I returned to his cock, stroking it and kissing all over the head and the top of his shaft while I moaned and continued my dirty talk.
“I wish I could have this cock every night,” I told him, “I wish that you could give me this cock every single goddamn night and that I never had to spend another night with a man as inadequate as my husband.”
I took his head in my mouth, bobbing on it a half dozen times before returning to stroking him and looking up at him as he stared down at me in amazement.
“You could satisfy me, couldn't you? You could make me cum every single night. You'd never cum early and cum inside of me accidentally. You'd never be too small for me to even feel you filling me up. You'd never disappoint me, would you Bruce?”
He shook his head back and forth, and I could feel his cock throbbing in my hands.
“And you'd never turn me over to another man,” I continued, turning and looking at Jeremy while I spoke this time, “You'd never let me get fucked by someone else. If I was getting fucked by you then you'd keep me all to yourself. You'd never be weak enough to lose me to another man.”
Jeremy stared at me with open astonishment, and I think for a moment I could almost see a bit of questioning regret cross his face. As if maybe he was thinking that all of this wasn't a good idea.
That evaporated in an instant, and I watched him settle back in his chair and start tugging at his pants with a desperate and urgent need.
That just spurred on the fire in me.
“Make me yours Bruce,” I begged of him, “Fuck me and make me yours.”
Bruce tugged me to my feet, pulling me up into his arms and kissing me again. Our lips connected and I melted into his arms, pressing my tongue against his with an insistent need. I felt his forehead press against mine, felt a momentary connection between us that brought me back t
o times we'd spent together just the two of us.
All those times alone, and the familiar patterns and moves that we'd learned with each other.
We fell into them almost automatically, his hands on my clothing peeling it from my skin. Unwrapping me like a present and baring me to his touch and taste as we moved and circled around each other in the center of the room.

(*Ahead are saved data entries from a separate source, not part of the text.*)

lemma d_n1_eq_image_insert_after:
  assumes n: "n \<ge> 2"
  shows "d_n1 n = insert_after n 1 ` cyclic_succession_free n"
proof (intro equalityI subsetI)
  fix a assume "a \<in> d_n1 n"
  then have a: "distinct a" "set a = {1..n}" "(n, 1) \<in> adjacent_pairs a"
    and free: "\<forall>k\<in>{1..<n}. (k, Suc k) \<notin> adjacent_pairs a"
    by (auto simp: d_n1_def linear_arrangements_def contains_pattern_iff_adjacent_pairs)
  have "set (remove1 1 a) = {1..n} - {1}"
    using a by (simp add: set_remove1_eq)
  also have "\<dots> = {2..n}"
    by auto
  finally have b: "distinct (remove1 1 a)" "set (remove1 1 a) = {2..n}"
    using a by simp_all
  have a_eq: "insert_after n 1 (remove1 1 a) = a"
    using a(1,3) by (rule insert_after_remove1)
  have "adjacent_pairs (remove1 1 a) \<inter> cyclic_successions n = {}"
    using succession_free_insert_after_iff[OF n b] free unfolding a_eq by blast
  then have "remove1 1 a \<in> cyclic_succession_free n"
    using b by (simp add: pattern_avoiding_def)
  with a_eq[symmetric] show "a \<in> insert_after n 1 ` cyclic_succession_free n"
    by blast
next
  fix a assume "a \<in> insert_after n 1 ` cyclic_succession_free n"
  then obtain b where a: "a = insert_after n 1 b"
    and b: "distinct b" "set b = {2..n}" "adjacent_pairs b \<inter> cyclic_successions n = {}"
    by (auto simp: pattern_avoiding_def)
  have b_n: "n \<in> set b" and b_1: "1 \<notin> set b"
    using n b by auto
  have "distinct a"
    using a b(1) b_1 by (simp add: distinct_insert_after)
  moreover have "set a = {1..n}"
    using a b(2) b_n n by (auto simp: set_insert_after)
  moreover have "(n, 1) \<in> adjacent_pairs a"
    using a b(1) b_n by (simp add: adjacent_pairs_insert_after)
  moreover have "\<forall>k\<in>{1..<n}. (k, Suc k) \<notin> adjacent_pairs a"
    using a b succession_free_insert_after_iff[OF n b(1,2)] by simp
  ultimately show "a \<in> d_n1 n"
    by (simp add: d_n1_def linear_arrangements_def contains_pattern_iff_adjacent_pairs)
qed
(* Let $X$ be a Banach space and let $f\colon B_{X^*}\to\mathbb F$ be a Borel, $S_{\mathbb F}$-homogeneous, strongly affine function. Then for every Radon probability measure $\mu$ on $B_{X^*}$ there exists a sequence $(x_n)\subset X$ with $\|x_n\|\le\|f\|_\infty$ for all $n$ such that $t(x_n)\to f(t)$ for $\mu$-almost every $t\in B_{X^*}$.
   Context: $\mathbb F\in\{\mathbb R,\mathbb C\}$, $S_{\mathbb F}=\{|\alpha|=1\}$. $B_{X^*}$ carries the weak$^*$ topology. $f$ is $S_{\mathbb F}$-homogeneous if $f(\alpha t)=\alpha f(t)$ for $\alpha\in S_{\mathbb F}$. A real function $g$ on a compact convex set $K$ is strongly affine if it is bounded, Borel, and $\int_K g\,d\nu=g(r(\nu))$ for every Radon probability $\nu$ on $K$, where $r(\nu)$ is the barycenter of $\nu$; a complex function is strongly affine if its real and imaginary parts are. *)

theory Defs
  imports "HOL-Analysis.Analysis" "HOL-Probability.Probability"
begin

text \<open>Scalar field F: a type 'f that is a real normed field and a finite-dimensional
  real Euclidean space (i.e. R or C up to isomorphism). The F-Banach space X is a real
  Banach space 'a together with a scalar multiplication sc by 'f extending scaleR.\<close>

definition scalar_structure :: "('f::{real_normed_field,euclidean_space} \<Rightarrow> 'a::banach \<Rightarrow> 'a) \<Rightarrow> bool" where
  "scalar_structure sc \<longleftrightarrow>
     (\<forall>a b x. sc (a * b) x = sc a (sc b x)) \<and>
     (\<forall>a b x. sc (a + b) x = sc a x + sc b x) \<and>
     (\<forall>a x y. sc a (x + y) = sc a x + sc a y) \<and>
     (\<forall>r x. sc (of_real r) x = r *\<^sub>R x) \<and>
     (\<forall>a x. norm (sc a x) = norm a * norm x)"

And I did the same to him, taking my time to caress his body and kiss his skin as it was exposed. Taking my time to take a passionate look at my lover, to drink him in with each of my senses until we were both shaken out of it by the insistent little troll in the corner.
He cleared his throat and it brought us back into the world. I looked over at him sitting there with his fucking cock in his hand and a flash of anger ran through me.

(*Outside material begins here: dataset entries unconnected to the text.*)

lemma measure_Int_Un_disjoint:
  assumes "p \<in> sets M" "Z1 \<in> sets M" "Z2 \<in> sets M" "Z1 \<inter> Z2 = {}"
  shows "measure M (p \<inter> (Z1 \<union> Z2)) = measure M (p \<inter> Z1) + measure M (p \<inter> Z2)"
proof -
  have "measure M (p \<inter> (Z1 \<union> Z2)) = measure M ((p \<inter> Z1) \<union> (p \<inter> Z2))"
    by (simp add: Int_Un_distrib)
  also have "\<dots> = measure M (p \<inter> Z1) + measure M (p \<inter> Z2)"
    using assms by (intro finite_measure_Union) auto
  finally show ?thesis .
qed

lemma ent_measure_nonneg:
  "p \<in> sets M \<Longrightarrow> Z \<in> sets M \<Longrightarrow> 0 \<le> ent (measure M (p \<inter> Z)) (measure M Z)"
  by (intro ent_nonneg) (auto intro!: finite_measure_mono)

lemma local_entropy_superadd:
  assumes P: "P \<subseteq> sets M" and Z: "Z1 \<in> sets M" "Z2 \<in> sets M" "Z1 \<inter> Z2 = {}"
  shows "local_entropy M P Z1 + local_entropy M P Z2 \<le> local_entropy M P (Z1 \<union> Z2)"
proof -
  have pointwise: "ennreal (ent (measure M (p \<inter> Z1)) (measure M Z1))
                     + ennreal (ent (measure M (p \<inter> Z2)) (measure M Z2))
                   \<le> ennreal (ent (measure M (p \<inter> (Z1 \<union> Z2))) (measure M (Z1 \<union> Z2)))"
    if p: "p \<in> sets M" for p
  proof -
    have "ent (measure M (p \<inter> Z1)) (measure M Z1) + ent (measure M (p \<inter> Z2)) (measure M Z2)
            \<le> ent (measure M (p \<inter> Z1) + measure M (p \<inter> Z2)) (measure M Z1 + measure M Z2)"
      using p Z by (intro ent_superadd) (auto intro!: finite_measure_mono)
    also have "\<dots> = ent (measure M (p \<inter> (Z1 \<union> Z2))) (measure M (Z1 \<union> Z2))"
      using measure_Int_Un_disjoint[OF p Z] measure_Int_Un_disjoint[OF sets.top Z] Z
      by (simp add: Int_absorb1 sets.sets_into_space)
    finally show ?thesis
      using ent_measure_nonneg[OF p Z(1)] ent_measure_nonneg[OF p Z(2)]
      by (simp add: ennreal_plus[symmetric] del: ennreal_plus)
  qed
  have "local_entropy M P Z1 + local_entropy M P Z2
          = (\<integral>\<^sup>+p. ennreal (ent (measure M (p \<inter> Z1)) (measure M Z1))
                   + ennreal (ent (measure M (p \<inter> Z2)) (measure M Z2)) \<partial>count_space P)"
    unfolding local_entropy_def by (rule nn_integral_add[symmetric]) auto
  also have "\<dots> \<le> local_entropy M P (Z1 \<union> Z2)"
    unfolding local_entropy_def using P by (intro nn_integral_mono pointwise) auto
  finally show ?thesis .
qed

lemma local_entropy_mono:
  assumes P: "P \<subseteq> sets M" and Z: "Z1 \<in> sets M" "Z2 \<in> sets M" "Z1 \<subseteq> Z2"
  shows "local_entropy M P Z1 \<le> local_entropy M P Z2"
proof -
  have "local_entropy M P Z1 \<le> local_entropy M P Z1 + local_entropy M P (Z2 - Z1)"
    by simp
  also have "\<dots> \<le> local_entropy M P (Z1 \<union> (Z2 - Z1))"
    using Z by (intro local_entropy_superadd P) auto
  also have "Z1 \<union> (Z2 - Z1) = Z2"
    using Z by blast
  finally show ?thesis .
qed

I needed to lash out. I needed to work this out. I needed to do something and I settled on doing the man right in front of me.
“FINE,” I practically shouted at Jeremy, “You want me to fuck him then fine I'll fuck him.”

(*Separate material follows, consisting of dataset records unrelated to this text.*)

lemma (in prob_space) prob_array_max_excess_pos_le:
  assumes N: "N_function \<phi>" and "1 \<le> m" "1 \<le> j"
    and sg: "\<And>k n. 1 \<le> k \<Longrightarrow> 1 \<le> n \<Longrightarrow> phi_subgaussian M \<phi> (X k n)"
    and g_pos: "\<And>x. 0 \<le> x \<Longrightarrow> g x > 0"
    and f: "\<And>k n. 1 \<le> k \<Longrightarrow> k \<le> m \<Longrightarrow> 1 \<le> n \<Longrightarrow> n \<le> j \<Longrightarrow>
              f (real (m * j) / real (k * n)) * tau_phi M \<phi> (X k n) \<le> g (ln (real (m * j)))
            \<and> f (real (m * j) / real (k * n)) \<ge> 1"
    and f_c0: "\<And>x. 1 \<le> x \<Longrightarrow> f x \<ge> c0"
  shows "prob {\<omega> \<in> space M.
           max (array_max X m j \<omega> - g (ln (real (m * j))) * young_fenchel_inv \<phi> (ln (real (m * j)))) 0 > 0}
         \<le> real (m * j) powr (1 - c0)"
proof -
  define F where "F k n = f (real (m * j) / real (k * n))" for k n
  have "1 \<le> m * j" using mult_le_mono[OF \<open>1 \<le> m\<close> \<open>1 \<le> j\<close>] by simp
  then have "1 \<le> real (m * j)" by (metis of_nat_1 of_nat_le_iff)
  then have "ln (real (m * j)) \<ge> 0" by simp
  have F: "1 \<le> F k n \<and> c0 \<le> F k n" "F k n * tau_phi M \<phi> (X k n) \<le> g (ln (real (m * j)))"
    if "k \<in> {1..m}" "n \<in> {1..j}" for k n
  proof -
    have "real (k * n) \<le> real (m * j)"
      using that by (simp only: of_nat_le_iff) (simp add: mult_le_mono)
    moreover have "real (k * n) > 0" using that by simp
    ultimately have "1 \<le> real (m * j) / real (k * n)" by simp
    then show "1 \<le> F k n \<and> c0 \<le> F k n" "F k n * tau_phi M \<phi> (X k n) \<le> g (ln (real (m * j)))"
      using f[of k n] f_c0 that by (auto simp: F_def)
  qed
  have "phi_subgaussian M \<phi> (X k n)" if "k \<in> {1..m}" "n \<in> {1..j}" for k n
    using sg that by simp
  then have "prob {\<omega> \<in> space M. array_max X m j \<omega> > g (ln (real (m * j))) * young_fenchel_inv \<phi> (ln (real (m * j)))}
          \<le> real (m * j) powr (1 - c0)"
    by (rule prob_array_max_gt_le[where F = F, OF N \<open>1 \<le> m\<close> \<open>1 \<le> j\<close> g_pos[OF \<open>ln (real (m * j)) \<ge> 0\<close>] _ F])
  then show ?thesis by (simp add: less_max_iff_disj)
qed
lemma word_eval_word_subst:
  "a \<in> carrier G \<Longrightarrow> b \<in> carrier G \<Longrightarrow>
    word_eval G (word_subst u v w) a b = word_eval G w (word_eval G u a b) (word_eval G v a b)"
  by (induction w rule: word_subst.induct) (auto simp: word_eval_append word_eval_word_inv Let_def)

lemma word_image_word_subst:
  assumes onto: "\<And>a b. a \<in> carrier G \<Longrightarrow> b \<in> carrier G \<Longrightarrow>
    \<exists>a' \<in> carrier G. \<exists>b' \<in> carrier G. word_eval G u a' b' = a \<and> word_eval G v a' b' = b"
  shows "word_image G (word_subst u v w) = word_image G w"
proof
  show "word_image G (word_subst u v w) \<subseteq> word_image G w"
    unfolding word_image_def by (fastforce simp: word_eval_word_subst)
  show "word_image G w \<subseteq> word_image G (word_subst u v w)"
  proof
    fix z assume "z \<in> word_image G w"
    then obtain a b where ab: "a \<in> carrier G" "b \<in> carrier G" "z = word_eval G w a b"
      unfolding word_image_def by auto
    from onto[OF ab(1,2)] obtain a' b' where "a' \<in> carrier G" "b' \<in> carrier G"
      "word_eval G u a' b' = a" "word_eval G v a' b' = b" by blast
    with ab show "z \<in> word_image G (word_subst u v w)"
      unfolding word_image_def by (force simp: word_eval_word_subst)
  qed
qed

lemma word_image_swap_xy: "word_image G (swap_xy w) = word_image G w"
  unfolding swap_xy_def by (rule word_image_word_subst) auto

lemma word_image_transvection: "word_image G (transvection i w) = word_image G w"
  unfolding transvection_def
proof (rule word_image_word_subst)
  fix a b assume a: "a \<in> carrier G" and b: "b \<in> carrier G"
  let ?c = "if i then b else inv b"
  have "a \<otimes> ?c \<otimes> letter_eval G a b (True, i) = a"
    using a b by (simp add: m_assoc)
  with a b show "\<exists>a' \<in> carrier G. \<exists>b' \<in> carrier G.
      word_eval G [(False, False), (True, i)] a' b' = a \<and> word_eval G [(True, False)] a' b' = b"
    by (intro bexI[of _ "a \<otimes> ?c"] bexI[of _ b]) (auto simp: m_assoc)
qed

And with that I took control.
I spun Bruce around and practically threw him onto the bed. Not giving him even a moments rest I pounced onto him, jumping astride him and writhing above him.
It was a gift to Bruce and a fuck you to Jeremy. I knew that cowgirl was Bruce's favorite position, that he loved to watch me rise and fall above him and loved to see my body moving and bucking from below.
So when I took him in I sunk down onto him, taking him deep inside of me. I moaned out loud, moving my hands up into my hair and holding my head as I thrust my ass down onto Bruce and arched my back.
It felt good to have him in me again, to have Bruce stretching me and filling me completely. It felt so good to be filled by him, to have him pulsing inside of me with all of the familiar pleasure that came along with that.
“Fuck your cock is amazing,” I moaned lewdly, squeezing myself tight around him, “Fuck I could live forever like this.”